MATERIAL SHOWN:
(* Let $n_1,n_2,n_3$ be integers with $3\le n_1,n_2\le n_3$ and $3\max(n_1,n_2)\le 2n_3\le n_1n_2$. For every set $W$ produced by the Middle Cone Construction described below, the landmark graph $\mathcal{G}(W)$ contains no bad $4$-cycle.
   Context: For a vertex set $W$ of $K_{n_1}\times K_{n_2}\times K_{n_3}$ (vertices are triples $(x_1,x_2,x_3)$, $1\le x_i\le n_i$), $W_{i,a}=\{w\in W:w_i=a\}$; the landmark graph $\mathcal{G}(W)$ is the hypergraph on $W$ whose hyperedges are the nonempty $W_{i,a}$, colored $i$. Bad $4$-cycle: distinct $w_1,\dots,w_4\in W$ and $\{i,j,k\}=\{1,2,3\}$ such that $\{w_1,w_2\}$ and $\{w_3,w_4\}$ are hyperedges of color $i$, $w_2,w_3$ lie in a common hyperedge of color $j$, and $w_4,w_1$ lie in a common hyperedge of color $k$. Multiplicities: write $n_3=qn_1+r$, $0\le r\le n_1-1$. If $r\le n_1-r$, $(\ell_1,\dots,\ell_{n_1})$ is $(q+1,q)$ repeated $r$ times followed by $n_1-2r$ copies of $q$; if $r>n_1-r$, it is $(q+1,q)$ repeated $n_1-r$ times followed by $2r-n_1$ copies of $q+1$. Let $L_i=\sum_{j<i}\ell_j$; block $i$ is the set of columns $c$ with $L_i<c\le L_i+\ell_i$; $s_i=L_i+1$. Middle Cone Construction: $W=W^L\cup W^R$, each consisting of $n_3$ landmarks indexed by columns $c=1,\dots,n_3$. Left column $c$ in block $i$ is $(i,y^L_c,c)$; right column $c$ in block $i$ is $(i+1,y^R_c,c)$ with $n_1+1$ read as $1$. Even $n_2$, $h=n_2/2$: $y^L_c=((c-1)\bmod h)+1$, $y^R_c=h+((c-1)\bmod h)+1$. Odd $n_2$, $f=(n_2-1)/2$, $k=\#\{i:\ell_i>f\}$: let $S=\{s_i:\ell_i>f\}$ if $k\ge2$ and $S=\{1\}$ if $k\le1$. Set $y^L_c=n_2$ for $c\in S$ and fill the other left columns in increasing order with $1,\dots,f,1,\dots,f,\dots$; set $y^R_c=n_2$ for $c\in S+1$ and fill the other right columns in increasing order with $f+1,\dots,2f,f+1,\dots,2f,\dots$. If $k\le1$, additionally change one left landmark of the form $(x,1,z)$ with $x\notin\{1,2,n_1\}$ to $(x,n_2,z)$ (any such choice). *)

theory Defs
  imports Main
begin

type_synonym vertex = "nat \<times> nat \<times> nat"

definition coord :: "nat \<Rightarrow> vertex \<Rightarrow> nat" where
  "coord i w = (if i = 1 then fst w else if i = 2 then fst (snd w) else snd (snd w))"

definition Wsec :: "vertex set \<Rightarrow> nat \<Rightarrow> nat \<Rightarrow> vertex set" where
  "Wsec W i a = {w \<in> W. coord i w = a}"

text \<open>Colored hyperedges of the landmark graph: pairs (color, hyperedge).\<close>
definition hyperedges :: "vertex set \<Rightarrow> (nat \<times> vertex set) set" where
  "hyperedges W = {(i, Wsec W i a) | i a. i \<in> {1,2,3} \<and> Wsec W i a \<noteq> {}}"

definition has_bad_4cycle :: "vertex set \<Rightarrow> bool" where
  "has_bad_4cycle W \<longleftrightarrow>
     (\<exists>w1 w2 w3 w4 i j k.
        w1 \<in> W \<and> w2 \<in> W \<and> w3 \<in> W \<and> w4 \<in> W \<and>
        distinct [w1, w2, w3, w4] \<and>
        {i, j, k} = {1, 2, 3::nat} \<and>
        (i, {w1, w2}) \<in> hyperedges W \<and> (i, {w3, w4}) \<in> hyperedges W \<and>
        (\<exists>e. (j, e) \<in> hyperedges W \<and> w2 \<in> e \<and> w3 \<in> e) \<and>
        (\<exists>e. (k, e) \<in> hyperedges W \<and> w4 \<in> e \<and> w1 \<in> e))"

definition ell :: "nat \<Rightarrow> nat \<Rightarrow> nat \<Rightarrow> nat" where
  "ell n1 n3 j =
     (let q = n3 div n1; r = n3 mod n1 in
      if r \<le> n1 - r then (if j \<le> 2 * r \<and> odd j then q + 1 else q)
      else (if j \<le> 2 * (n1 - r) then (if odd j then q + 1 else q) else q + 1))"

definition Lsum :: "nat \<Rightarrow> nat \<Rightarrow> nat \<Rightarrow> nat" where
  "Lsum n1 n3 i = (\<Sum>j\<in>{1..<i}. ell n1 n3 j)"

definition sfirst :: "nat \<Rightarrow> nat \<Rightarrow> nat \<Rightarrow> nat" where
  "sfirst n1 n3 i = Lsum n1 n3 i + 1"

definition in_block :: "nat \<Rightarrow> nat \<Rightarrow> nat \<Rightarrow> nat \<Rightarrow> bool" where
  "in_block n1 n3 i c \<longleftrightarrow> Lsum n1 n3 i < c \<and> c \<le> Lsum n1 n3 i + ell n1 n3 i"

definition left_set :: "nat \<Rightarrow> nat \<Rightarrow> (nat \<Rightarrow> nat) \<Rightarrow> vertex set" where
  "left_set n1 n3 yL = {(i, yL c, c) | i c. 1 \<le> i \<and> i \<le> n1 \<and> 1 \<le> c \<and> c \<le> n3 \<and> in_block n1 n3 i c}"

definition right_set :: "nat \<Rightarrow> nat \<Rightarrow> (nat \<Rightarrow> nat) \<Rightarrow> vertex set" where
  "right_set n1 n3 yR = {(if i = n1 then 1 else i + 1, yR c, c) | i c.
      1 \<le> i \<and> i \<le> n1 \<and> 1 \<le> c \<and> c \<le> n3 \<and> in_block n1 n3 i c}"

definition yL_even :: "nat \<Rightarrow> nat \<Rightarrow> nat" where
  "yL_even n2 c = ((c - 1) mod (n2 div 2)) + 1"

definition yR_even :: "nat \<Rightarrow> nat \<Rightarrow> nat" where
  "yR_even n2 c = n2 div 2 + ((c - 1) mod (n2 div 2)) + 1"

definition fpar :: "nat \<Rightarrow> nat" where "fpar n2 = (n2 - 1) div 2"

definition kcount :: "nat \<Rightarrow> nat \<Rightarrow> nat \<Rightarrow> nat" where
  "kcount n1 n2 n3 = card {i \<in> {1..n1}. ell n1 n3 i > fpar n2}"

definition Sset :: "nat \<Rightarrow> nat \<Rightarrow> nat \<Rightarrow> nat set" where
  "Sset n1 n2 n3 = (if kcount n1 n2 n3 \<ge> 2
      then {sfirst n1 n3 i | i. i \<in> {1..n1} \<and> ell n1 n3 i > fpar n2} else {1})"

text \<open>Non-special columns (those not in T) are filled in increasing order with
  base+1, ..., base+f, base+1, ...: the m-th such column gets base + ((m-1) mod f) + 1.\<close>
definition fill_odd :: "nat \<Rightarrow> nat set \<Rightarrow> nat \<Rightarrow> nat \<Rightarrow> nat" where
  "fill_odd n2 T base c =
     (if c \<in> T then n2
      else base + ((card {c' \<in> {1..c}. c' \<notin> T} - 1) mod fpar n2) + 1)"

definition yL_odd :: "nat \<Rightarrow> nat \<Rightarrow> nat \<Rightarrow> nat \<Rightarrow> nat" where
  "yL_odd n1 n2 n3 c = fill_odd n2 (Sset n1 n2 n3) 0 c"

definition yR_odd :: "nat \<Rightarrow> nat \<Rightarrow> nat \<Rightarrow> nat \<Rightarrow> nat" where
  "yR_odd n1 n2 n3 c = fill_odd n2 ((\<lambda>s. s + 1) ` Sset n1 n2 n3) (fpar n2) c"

EXERCISE BRIEF:
Your answer must be the complete data, repeated word for word.

WRITTEN RESPONSE:
(* Let $n_1,n_2,n_3$ be integers with $3\le n_1,n_2\le n_3$ and $3\max(n_1,n_2)\le 2n_3\le n_1n_2$. For every set $W$ produced by the Middle Cone Construction described below, the landmark graph $\mathcal{G}(W)$ contains no bad $4$-cycle.
   Context: For a vertex set $W$ of $K_{n_1}\times K_{n_2}\times K_{n_3}$ (vertices are triples $(x_1,x_2,x_3)$, $1\le x_i\le n_i$), $W_{i,a}=\{w\in W:w_i=a\}$; the landmark graph $\mathcal{G}(W)$ is the hypergraph on $W$ whose hyperedges are the nonempty $W_{i,a}$, colored $i$. Bad $4$-cycle: distinct $w_1,\dots,w_4\in W$ and $\{i,j,k\}=\{1,2,3\}$ such that $\{w_1,w_2\}$ and $\{w_3,w_4\}$ are hyperedges of color $i$, $w_2,w_3$ lie in a common hyperedge of color $j$, and $w_4,w_1$ lie in a common hyperedge of color $k$. Multiplicities: write $n_3=qn_1+r$, $0\le r\le n_1-1$. If $r\le n_1-r$, $(\ell_1,\dots,\ell_{n_1})$ is $(q+1,q)$ repeated $r$ times followed by $n_1-2r$ copies of $q$; if $r>n_1-r$, it is $(q+1,q)$ repeated $n_1-r$ times followed by $2r-n_1$ copies of $q+1$. Let $L_i=\sum_{j<i}\ell_j$; block $i$ is the set of columns $c$ with $L_i<c\le L_i+\ell_i$; $s_i=L_i+1$. Middle Cone Construction: $W=W^L\cup W^R$, each consisting of $n_3$ landmarks indexed by columns $c=1,\dots,n_3$. Left column $c$ in block $i$ is $(i,y^L_c,c)$; right column $c$ in block $i$ is $(i+1,y^R_c,c)$ with $n_1+1$ read as $1$. Even $n_2$, $h=n_2/2$: $y^L_c=((c-1)\bmod h)+1$, $y^R_c=h+((c-1)\bmod h)+1$. Odd $n_2$, $f=(n_2-1)/2$, $k=\#\{i:\ell_i>f\}$: let $S=\{s_i:\ell_i>f\}$ if $k\ge2$ and $S=\{1\}$ if $k\le1$. Set $y^L_c=n_2$ for $c\in S$ and fill the other left columns in increasing order with $1,\dots,f,1,\dots,f,\dots$; set $y^R_c=n_2$ for $c\in S+1$ and fill the other right columns in increasing order with $f+1,\dots,2f,f+1,\dots,2f,\dots$. If $k\le1$, additionally change one left landmark of the form $(x,1,z)$ with $x\notin\{1,2,n_1\}$ to $(x,n_2,z)$ (any such choice). *)

theory Defs
  imports Main
begin

type_synonym vertex = "nat \<times> nat \<times> nat"

definition coord :: "nat \<Rightarrow> vertex \<Rightarrow> nat" where
  "coord i w = (if i = 1 then fst w else if i = 2 then fst (snd w) else snd (snd w))"

definition Wsec :: "vertex set \<Rightarrow> nat \<Rightarrow> nat \<Rightarrow> vertex set" where
  "Wsec W i a = {w \<in> W. coord i w = a}"

text \<open>Colored hyperedges of the landmark graph: pairs (color, hyperedge).\<close>
definition hyperedges :: "vertex set \<Rightarrow> (nat \<times> vertex set) set" where
  "hyperedges W = {(i, Wsec W i a) | i a. i \<in> {1,2,3} \<and> Wsec W i a \<noteq> {}}"

definition has_bad_4cycle :: "vertex set \<Rightarrow> bool" where
  "has_bad_4cycle W \<longleftrightarrow>
     (\<exists>w1 w2 w3 w4 i j k.
        w1 \<in> W \<and> w2 \<in> W \<and> w3 \<in> W \<and> w4 \<in> W \<and>
        distinct [w1, w2, w3, w4] \<and>
        {i, j, k} = {1, 2, 3::nat} \<and>
        (i, {w1, w2}) \<in> hyperedges W \<and> (i, {w3, w4}) \<in> hyperedges W \<and>
        (\<exists>e. (j, e) \<in> hyperedges W \<and> w2 \<in> e \<and> w3 \<in> e) \<and>
        (\<exists>e. (k, e) \<in> hyperedges W \<and> w4 \<in> e \<and> w1 \<in> e))"

definition ell :: "nat \<Rightarrow> nat \<Rightarrow> nat \<Rightarrow> nat" where
  "ell n1 n3 j =
     (let q = n3 div n1; r = n3 mod n1 in
      if r \<le> n1 - r then (if j \<le> 2 * r \<and> odd j then q + 1 else q)
      else (if j \<le> 2 * (n1 - r) then (if odd j then q + 1 else q) else q + 1))"

definition Lsum :: "nat \<Rightarrow> nat \<Rightarrow> nat \<Rightarrow> nat" where
  "Lsum n1 n3 i = (\<Sum>j\<in>{1..<i}. ell n1 n3 j)"

definition sfirst :: "nat \<Rightarrow> nat \<Rightarrow> nat \<Rightarrow> nat" where
  "sfirst n1 n3 i = Lsum n1 n3 i + 1"

definition in_block :: "nat \<Rightarrow> nat \<Rightarrow> nat \<Rightarrow> nat \<Rightarrow> bool" where
  "in_block n1 n3 i c \<longleftrightarrow> Lsum n1 n3 i < c \<and> c \<le> Lsum n1 n3 i + ell n1 n3 i"

definition left_set :: "nat \<Rightarrow> nat \<Rightarrow> (nat \<Rightarrow> nat) \<Rightarrow> vertex set" where
  "left_set n1 n3 yL = {(i, yL c, c) | i c. 1 \<le> i \<and> i \<le> n1 \<and> 1 \<le> c \<and> c \<le> n3 \<and> in_block n1 n3 i c}"

definition right_set :: "nat \<Rightarrow> nat \<Rightarrow> (nat \<Rightarrow> nat) \<Rightarrow> vertex set" where
  "right_set n1 n3 yR = {(if i = n1 then 1 else i + 1, yR c, c) | i c.
      1 \<le> i \<and> i \<le> n1 \<and> 1 \<le> c \<and> c \<le> n3 \<and> in_block n1 n3 i c}"

definition yL_even :: "nat \<Rightarrow> nat \<Rightarrow> nat" where
  "yL_even n2 c = ((c - 1) mod (n2 div 2)) + 1"

definition yR_even :: "nat \<Rightarrow> nat \<Rightarrow> nat" where
  "yR_even n2 c = n2 div 2 + ((c - 1) mod (n2 div 2)) + 1"

definition fpar :: "nat \<Rightarrow> nat" where "fpar n2 = (n2 - 1) div 2"

definition kcount :: "nat \<Rightarrow> nat \<Rightarrow> nat \<Rightarrow> nat" where
  "kcount n1 n2 n3 = card {i \<in> {1..n1}. ell n1 n3 i > fpar n2}"

definition Sset :: "nat \<Rightarrow> nat \<Rightarrow> nat \<Rightarrow> nat set" where
  "Sset n1 n2 n3 = (if kcount n1 n2 n3 \<ge> 2
      then {sfirst n1 n3 i | i. i \<in> {1..n1} \<and> ell n1 n3 i > fpar n2} else {1})"

text \<open>Non-special columns (those not in T) are filled in increasing order with
  base+1, ..., base+f, base+1, ...: the m-th such column gets base + ((m-1) mod f) + 1.\<close>
definition fill_odd :: "nat \<Rightarrow> nat set \<Rightarrow> nat \<Rightarrow> nat \<Rightarrow> nat" where
  "fill_odd n2 T base c =
     (if c \<in> T then n2
      else base + ((card {c' \<in> {1..c}. c' \<notin> T} - 1) mod fpar n2) + 1)"

definition yL_odd :: "nat \<Rightarrow> nat \<Rightarrow> nat \<Rightarrow> nat \<Rightarrow> nat" where
  "yL_odd n1 n2 n3 c = fill_odd n2 (Sset n1 n2 n3) 0 c"

definition yR_odd :: "nat \<Rightarrow> nat \<Rightarrow> nat \<Rightarrow> nat \<Rightarrow> nat" where
  "yR_odd n1 n2 n3 c = fill_odd n2 ((\<lambda>s. s + 1) ` Sset n1 n2 n3) (fpar n2) c"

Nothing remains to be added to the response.